Itulah sebuah pendidikan politik yang mestinya dimainkan oleh partai politik. Tapi malah diperankan oleh seorang akademisi. Kita semua tahu partai politik hingga hari ini gagal melakukan sistem kaderisasi dan pendidikan politik bagi konstituen maupun di luar konstituen mereka. Makanya, tugas Aspiannor Masrie menelanjangi rekam jejak semua kandidat (Sayang, IA, Garuda-Na) patut diapresiasi.
Sementara tulisan Direktur Advokasi Tim Garuda-Na atas nama P. Pice Jahali SH juga di salah satu harian lokal Makassar, yang berkehendak untuk meyakinkan simpatisannya atau konstituennya. Jika memang punya konstituen. Silahkan berbicara data survey untuk menguak beberapa keberhasilan Tim Garuda-Na dari kandidat Rudiyanto, yang saat ini juga masih menjabat sebagai Bupati Sinjai.

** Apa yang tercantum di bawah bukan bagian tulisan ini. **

lemma hyperpath_list_of_hyperpath:
  assumes "hyperpath r m V E"
  obtains es vs where "hyperpath_list r m es vs" "V = \<Union> (set es)" "E = set es"
proof -
  obtain es vs where "length es = m" "set es = E" and meet: "\<forall>i j. i < j \<and> j < m \<longrightarrow>
      (if j = i + 1 then es ! i \<inter> es ! j = {vs ! i} else es ! i \<inter> es ! j = {})"
    and "uniform r E" "V = \<Union> E"
    using assms unfolding hyperpath_def by blast
  moreover have "hyperpath_list r m es vs"
  proof
    show "finite (es ! i)" "card (es ! i) = r" if "i < m" for i
      using \<open>uniform r E\<close> \<open>set es = E\<close> \<open>length es = m\<close> that by (auto simp: uniform_def)
    show "es ! i \<inter> es ! (i + 1) = {vs ! i}" if "i + 1 < m" for i
      using meet that by auto
    show "es ! i \<inter> es ! j = {}" if "i + 1 < j" "j < m" for i j
      using meet that by auto
  qed fact
  ultimately show thesis using that by blast
qed

theorem theorem3p11:
  fixes V :: "'a set" and E :: "'a set set" and r m :: nat
  assumes "r \<ge> 3" and "m \<ge> 1" and "hyperpath r m V E"
  shows "(m = 1 \<longrightarrow> lambda21 V E = 2 * r - 2) \<and>
         (m = 2 \<longrightarrow> lambda21 V E = 2 * r - 1) \<and>
         (m \<ge> 3 \<longrightarrow> lambda21 V E = 2 * r)"
proof -
  obtain es vs where "hyperpath_list r m es vs" and V: "V = \<Union> (set es)" and E: "E = set es"
    using assms(3) by (rule hyperpath_list_of_hyperpath)
  then interpret hyperpath_list r m es vs by simp
  show ?thesis
    unfolding V E using assms(1) lambda21_one_edge lambda21_two_edges lambda21_three_edges by simp
qed

end
lemma quot_lift_ring_hom:
  assumes "ideal I R" "ideal J R" "I \<subseteq> J"
  shows "quot_lift R J \<in> ring_hom (R Quot I) (R Quot J)"
proof -
  interpret I: ideal I R by fact
  interpret J: ideal J R by fact
  note lift = quot_lift_rcos[OF assms]
  show ?thesis
  proof (rule ring_hom_memI)
    fix X assume "X \<in> carrier (R Quot I)"
    then show "quot_lift R J X \<in> carrier (R Quot J)"
      by (auto simp: carrier_Quot lift)
  next
    fix X Y assume "X \<in> carrier (R Quot I)" "Y \<in> carrier (R Quot I)"
    then obtain x y where xy: "x \<in> carrier R" "y \<in> carrier R" "X = I +> x" "Y = I +> y"
      by (auto simp: carrier_Quot)
    show "quot_lift R J (X \<otimes>\<^bsub>R Quot I\<^esub> Y) = quot_lift R J X \<otimes>\<^bsub>R Quot J\<^esub> quot_lift R J Y"
      using xy I.rcoset_mult_add J.rcoset_mult_add by (simp add: FactRing_def lift)
    show "quot_lift R J (X \<oplus>\<^bsub>R Quot I\<^esub> Y) = quot_lift R J X \<oplus>\<^bsub>R Quot J\<^esub> quot_lift R J Y"
      using xy I.a_rcos_sum J.a_rcos_sum by (simp add: FactRing_def lift)
  next
    show "quot_lift R J \<one>\<^bsub>R Quot I\<^esub> = \<one>\<^bsub>R Quot J\<^esub>"
      by (simp add: FactRing_def lift)
  qed
qed

lemma quot_lift_surj:
  assumes "ideal I R" "ideal J R" "I \<subseteq> J"
  shows "quot_lift R J ` carrier (R Quot I) = carrier (R Quot J)"
  using quot_lift_rcos[OF assms] by (force simp: carrier_Quot)

end

section \<open>The quantum Serre relations hold in P_B\<close>

lemma PB_relators_carrier:
  "{Poly_Mapping.single [i, j] 1 - Poly_Mapping.single [j, i] (qq powi B i j) | i j. i \<in> {1..n} \<and> j \<in> {1..n}}
   \<subseteq> carrier (FreeAlg n)"
proof
  fix p
  assume "p \<in> {Poly_Mapping.single [i, j] 1 - Poly_Mapping.single [j, i] (qq powi B i j) | i j. i \<in> {1..n} \<and> j \<in> {1..n}}"
  then obtain i j where "i \<in> {1..n}" "j \<in> {1..n}"
    and p: "p = Poly_Mapping.single [i, j] 1 - Poly_Mapping.single [j, i] (qq powi B i j)"
    by blast
  have "Poly_Mapping.keys p \<subseteq> {[i, j], [j, i]}"
    unfolding p by (rule order_trans[OF keys_diff]) auto
  with \<open>i \<in> {1..n}\<close> \<open>j \<in> {1..n}\<close> show "p \<in> carrier (FreeAlg n)"
    by auto
qed

lemma FreeAlg_ideal_PB_ideal: "FreeAlg_ideal n (PB_ideal n B)"
  unfolding PB_ideal_def by (rule FreeAlg_ideal_genideal[OF PB_relators_carrier])

lemma PB_ideal_swap:
  assumes "i \<in> {1..n}" "j \<in> {1..n}" "set u \<subseteq> {1..n}" "set v \<subseteq> {1..n}"
  shows "Poly_Mapping.single (u @ [i, j] @ v) c - Poly_Mapping.single (u @ [j, i] @ v) (qq powi B i j * c)
    \<in> PB_ideal n B"
proof -
  interpret FreeAlg_ideal n "PB_ideal n B"
    by (rule FreeAlg_ideal_PB_ideal)
  let ?rel = "Poly_Mapping.single [i, j] 1 - Poly_Mapping.single [j, i] (qq powi B i j)"
  have "?rel \<in> PB_ideal n B"
    unfolding PB_ideal_def using ring.genideal_self[OF ring_FreeAlg PB_relators_carrier] assms(1,2) by blast
  then have "Poly_Mapping.single u 1 * ?rel * Poly_Mapping.single v c \<in> PB_ideal n B"
    by (rule mult_closed) (use assms(3,4) in auto)
  then show ?thesis
    by (simp add: algebra_simps mult_single plus_list_def)
qed

lemma PB_ideal_commute_power:
  assumes "i \<in> {1..n}" "j \<in> {1..n}" "set u \<subseteq> {1..n}"
  shows "Poly_Mapping.single (u @ [j] @ replicate k i) c
         - Poly_Mapping.single (u @ replicate k i @ [j]) ((qq powi B j i) ^ k * c) \<in> PB_ideal n B"
  using assms(3)
proof (induction k arbitrary: u c)
  case 0
  then show ?case
    using FreeAlg_ideal.zero_closed[OF FreeAlg_ideal_PB_ideal] by simp
next
  case (Suc k)
  interpret FreeAlg_ideal n "PB_ideal n B"
    by (rule FreeAlg_ideal_PB_ideal)
  let ?t = "qq powi B j i"
  have "Poly_Mapping.single (u @ [j, i] @ replicate k i) c - Poly_Mapping.single (u @ [i, j] @ replicate k i) (?t * c)
      \<in> PB_ideal n B"
    by (rule PB_ideal_swap) (use assms Suc.prems in auto)
  moreover have "Poly_Mapping.single ((u @ [i]) @ [j] @ replicate k i) (?t * c)
      - Poly_Mapping.single ((u @ [i]) @ replicate k i @ [j]) (?t ^ k * (?t * c)) \<in> PB_ideal n B"
    by (rule Suc.IH) (use assms Suc.prems in auto)
  ultimately have "Poly_Mapping.single (u @ [j, i] @ replicate k i) c
      - Poly_Mapping.single ((u @ [i]) @ replicate k i @ [j]) (?t ^ k * (?t * c)) \<in> PB_ideal n B"
    using add_closed by fastforce
  moreover have "(u @ [i]) @ replicate k i @ [j] = u @ replicate (Suc k) i @ [j]"
    by (simp add: replicate_app_Cons_same)
  ultimately show ?case
    by (simp add: algebra_simps)
qed

lemma bmat_swap_eq_sign_mult:
  assumes "sym_GCM n A d" "sign_choice n A \<sigma>" "i \<in> {1..n}" "j \<in> {1..n}" "i \<noteq> j"
  shows "\<exists>e\<in>{1, -1}. bmat A d \<sigma> j i = e * (d i * - A i j)"
proof -
  have sym: "d j * A j i = d i * A i j" and zero_iff: "A i j = 0 \<longleftrightarrow> A j i = 0"
    using assms(1,3,4) unfolding sym_GCM_def by auto
  consider "A j i = 0" | "A j i \<noteq> 0" "j < i" | "A j i \<noteq> 0" "i < j"
    using \<open>i \<noteq> j\<close> by linarith
  then show ?thesis
  proof cases
    case 2
    then have "\<sigma> j i \<in> {1, -1}"
      using assms(2-4) unfolding sign_choice_def by auto
    then show ?thesis
      using 2 sym by (auto simp: bmat_def cmat_def)
  next
    case 3
    then have "\<sigma> i j \<in> {1, -1}"
      using assms(2-4) zero_iff unfolding sign_choice_def by auto
    then show ?thesis
      using 3 sym by (auto simp: bmat_def cmat_def)
  qed (use zero_iff in \<open>auto simp: bmat_def\<close>)
qed
(* Let $\varepsilon,\delta>0$, $k\in\mathbb N$, let $\mathcal A$ and $\mathcal B$ be distributions over domains $X_A$ and $X_B$ respectively, and let $f:X_A\times X_B\to[0,1]$. Suppose there exists a coupling of $a_1,\dots,a_k$ i.i.d. from $\mathcal A$ and $b_1,\dots,b_k$ i.i.d. from $\mathcal B$ for which $$\Pr\!\left[\sum_{i\in[k]}f(a_i,b_i)\ge\varepsilon k+\sqrt{2k\ln(1/\delta)}\right]\ge\delta.$$ Then there is a coupling of $a\sim\mathcal A$ and $b\sim\mathcal B$ for which $\mathbb E[f(a,b)]\ge\varepsilon$.
   Context: A coupling of two (joint) distributions is a joint distribution on the product space whose marginals are the given distributions; here the $a_i$ are jointly i.i.d. from $\mathcal A$ and the $b_i$ are jointly i.i.d. from $\mathcal B$, with arbitrary dependence between the two families. *)

theory Defs
  imports "HOL-Probability.Probability"
begin

definition is_coupling :: "('a \<times> 'b) pmf \<Rightarrow> 'a pmf \<Rightarrow> 'b pmf \<Rightarrow> bool" where
  "is_coupling \<mu> P Q \<longleftrightarrow> map_pmf fst \<mu> = P \<and> map_pmf snd \<mu> = Q"

end

theory Submission
  imports Defs
begin

(*
  Suppose every coupling of A and B gives E f < \<epsilon>. An optimal coupling \<pi> exists: couplings are
  sequentially compact for pointwise convergence of mass functions, since the tightness of the
  marginals keeps mass from escaping. The support of \<pi> is f-cyclically monotone, for otherwise
  moving a little mass around a cycle would improve \<pi>; Rockafellar's construction and two
  conjugations then give Kantorovich potentials G, H with f a b \<le> G a + H b, each of oscillation
  at most 1, and E\<^sub>A G + E\<^sub>B H \<le> E\<^sub>\<pi> f < \<epsilon>.

  So under any coupling of the product distributions, \<Sum> f (a\<^sub>i, b\<^sub>i) is dominated by
  \<Sum> G a\<^sub>i + \<Sum> H b\<^sub>i, two sums of i.i.d. variables with range 1 whose moment generating functions
  Hoeffding's lemma controls. As exp (x + y) \<le> (exp (2x) + exp (2y)) / 2, the two sums need not be
  independent, and Chernoff's bound with threshold k (E\<^sub>A G + E\<^sub>B H) + T, T > sqrt (2 k ln (1/\<delta>)),
  gives probability at most exp (-T\<^sup>2 / 2k) < \<delta>.
*)

(* Summability is meant in the sense of infsetsum (Infinite_Set_Sum), not Infinite_Sum. *)
no_notation Infinite_Sum.abs_summable_on (infixr \<open>abs'_summable'_on\<close> 46)

lemma pmf_map_fst_eq_infsetsum:
  "pmf (map_pmf fst p) a = infsetsum (\<lambda>b. pmf p (a, b)) UNIV"
proof -
  have fiber: "fst -` {a} = range (Pair a)" by auto
  have "pmf (map_pmf fst p) a = infsetsum (pmf p) (range (Pair a))"
    unfolding pmf_map measure_pmf_conv_infsetsum fiber ..
  also have "\<dots> = infsetsum (\<lambda>b. pmf p (a, b)) UNIV"
    by (rule infsetsum_reindex) (auto simp: inj_on_def)
  finally show ?thesis .
qed

lemma abs_summable_pmf_Pair_left: "(\<lambda>b. pmf p (a, b)) abs_summable_on UNIV"
  using abs_summable_on_reindex_iff[of "Pair a" UNIV "pmf p"] by (auto simp: inj_on_def)

lemma pmf_swap: "pmf (map_pmf prod.swap p) (b, a) = pmf p (a, b)"
  using pmf_map_inj'[of prod.swap p "(a, b)"] by simp

lemma pmf_map_snd_eq_infsetsum:
  "pmf (map_pmf snd p) b = infsetsum (\<lambda>a. pmf p (a, b)) UNIV"
proof -
  have "map_pmf snd p = map_pmf fst (map_pmf prod.swap p)" by (simp add: pmf.map_comp o_def)
  then show ?thesis by (simp add: pmf_map_fst_eq_infsetsum pmf_swap)
qed

lemma abs_summable_pmf_Pair_right: "(\<lambda>a. pmf p (a, b)) abs_summable_on UNIV"
  using abs_summable_pmf_Pair_left[of "map_pmf prod.swap p" b] by (simp add: pmf_swap)

lemma pmf_eq_if_pmf_le:
  assumes "\<And>x. pmf p x \<le> pmf q x"
  shows "p = q"
proof (rule pmf_eqI, rule antisym)
  fix x
  show "pmf p x \<le> pmf q x" by (rule assms)
  have "measure_pmf.prob p (- {x}) \<le> measure_pmf.prob q (- {x})"
    unfolding measure_pmf_conv_infsetsum by (intro infsetsum_mono pmf_abs_summable assms)
  moreover have "measure_pmf.prob r (- {x}) = 1 - pmf r x" for r
    using measure_pmf.prob_compl[of "{x}" r] by (simp add: Compl_eq_Diff_UNIV measure_pmf_single)
  ultimately show "pmf q x \<le> pmf p x" by simp
qed

lemma infsetsum_le_if_finite_sums_le:
  fixes g :: "'c \<Rightarrow> real"
  assumes nonneg: "\<And>x. g x \<ge> 0" and le: "\<And>X. finite X \<Longrightarrow> sum g X \<le> c"
  shows "g abs_summable_on UNIV" "infsetsum g UNIV \<le> c"
proof -
  show summable: "g abs_summable_on UNIV"
    by (rule abs_summable_finite_sumsI[where B = c]) (simp add: nonneg le)
  have "ereal (infsetsum g UNIV) = (SUP X\<in>{X. finite X \<and> X \<subseteq> UNIV}. ereal (sum g X))"
    by (rule infsetsum_nonneg_is_SUPREMUM_ereal[OF summable]) (simp add: nonneg)
  also have "\<dots> \<le> ereal c" by (rule SUP_least) (simp add: le)
  finally show "infsetsum g UNIV \<le> c" by simp
qed

lemma infsetsum_le_of_pointwise_limit:
  fixes g :: "nat \<Rightarrow> 'c \<Rightarrow> real"
  assumes lim: "\<And>x. (\<lambda>n. g n x) \<longlonglongrightarrow> h x"
    and nonneg: "\<And>n x. g n x \<ge> 0"
    and summable: "\<And>n. g n abs_summable_on UNIV"
    and bound: "\<And>n. infsetsum (g n) UNIV \<le> c n" and "c \<longlonglongrightarrow> C"
  shows "h abs_summable_on UNIV" "infsetsum h UNIV \<le> C"
proof -
  have "sum h X \<le> C" if "finite X" for X
  proof (rule LIMSEQ_le[OF tendsto_sum[OF lim] \<open>c \<longlonglongrightarrow> C\<close>], intro exI allI impI)
    fix n
    have "sum (g n) X = infsetsum (g n) X" using that by simp
    also have "\<dots> \<le> infsetsum (g n) UNIV"
      by (rule infsetsum_mono_neutral_left) (use summable nonneg that in auto)
    finally show "sum (g n) X \<le> c n" using bound[of n] by simp
  qed
  moreover have "h x \<ge> 0" for x by (rule LIMSEQ_le_const[OF lim]) (simp add: nonneg)
  ultimately show "h abs_summable_on UNIV" "infsetsum h UNIV \<le> C"
    using infsetsum_le_if_finite_sums_le[of h C] by auto
qed

lemma exists_finite_prob_compl_less:
  assumes "\<eta> > 0"
  shows "\<exists>S. finite S \<and> measure_pmf.prob p (- S) < \<eta>"
proof -
  have "(SUP X\<in>{X. finite X \<and> X \<subseteq> UNIV}. ereal (sum (pmf p) X)) = ereal (infsetsum (pmf p) UNIV)"
    by (rule infsetsum_nonneg_is_SUPREMUM_ereal[symmetric]) auto
  also have "\<dots> > ereal (1 - \<eta>)" using assms by (simp add: infsetsum_pmf_eq_1)
  finally obtain S where S: "finite S" "1 - \<eta> < sum (pmf p) S"
    by (subst (asm) less_SUP_iff) auto
  have "measure_pmf.prob p (- S) = 1 - measure_pmf.prob p S"
    using measure_pmf.prob_compl[of S p] by (simp add: Compl_eq_Diff_UNIV)
  then show ?thesis using S by (auto simp: measure_measure_pmf_finite)
qed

Apakah hanya dengan mengatakan bahwa Rudiyanto dalam kepemimpinannya telah berhasil melaksanakan program pendidikan dan kesehatan gratis. Kemudian sudah dapat menjadi indikator untuk meyakinkan ceruk pemilih di Pilgub nanti, memiliki branding politik yang kuat di hati calon pemilih ? Saya kira hal itu tidak cukup. Mestinya para juru kampanye dan tim pemenangan Garuda-Na, berbicara terlebih dahulu data hasil survey yang dapat ditakar validitasnya, apakah meyakinkan?, benar, jujur dan tidak diskriminatif.
Persoalannya sekarang, sudahkah tim pemenangan Garuda-Na ini melakukan survey untuk mengukur tingkat kepuasan masyarakat terhadap pelayanan kesehatan dan pendidikan gratis di Kabupaten Sinjai ? Jangan-jangan itu hanya pengklaiman sepihak oleh para juru kampanye, termasuk kandidat Garuda-Na sendiri. Karena setahu Penulis sebagai warga atau penduduk Sinjai. Tidak ada yang “super wow” dengan kebijakan Rudiyanto Asapa selama ini. Tidak berlebihan rasanya kalau kita menengok kebijakannya. Semakin dia mengekspos di media, malah warga Sinjai akan bertanya balik, sejak kapan ada pelayanan kesehatan gratis, pendidikan gratis, dan pupuk bersubsidi ? dalam konteks itu Garuda-Na benar-benar “terasing” di kampung halamannya sendiri.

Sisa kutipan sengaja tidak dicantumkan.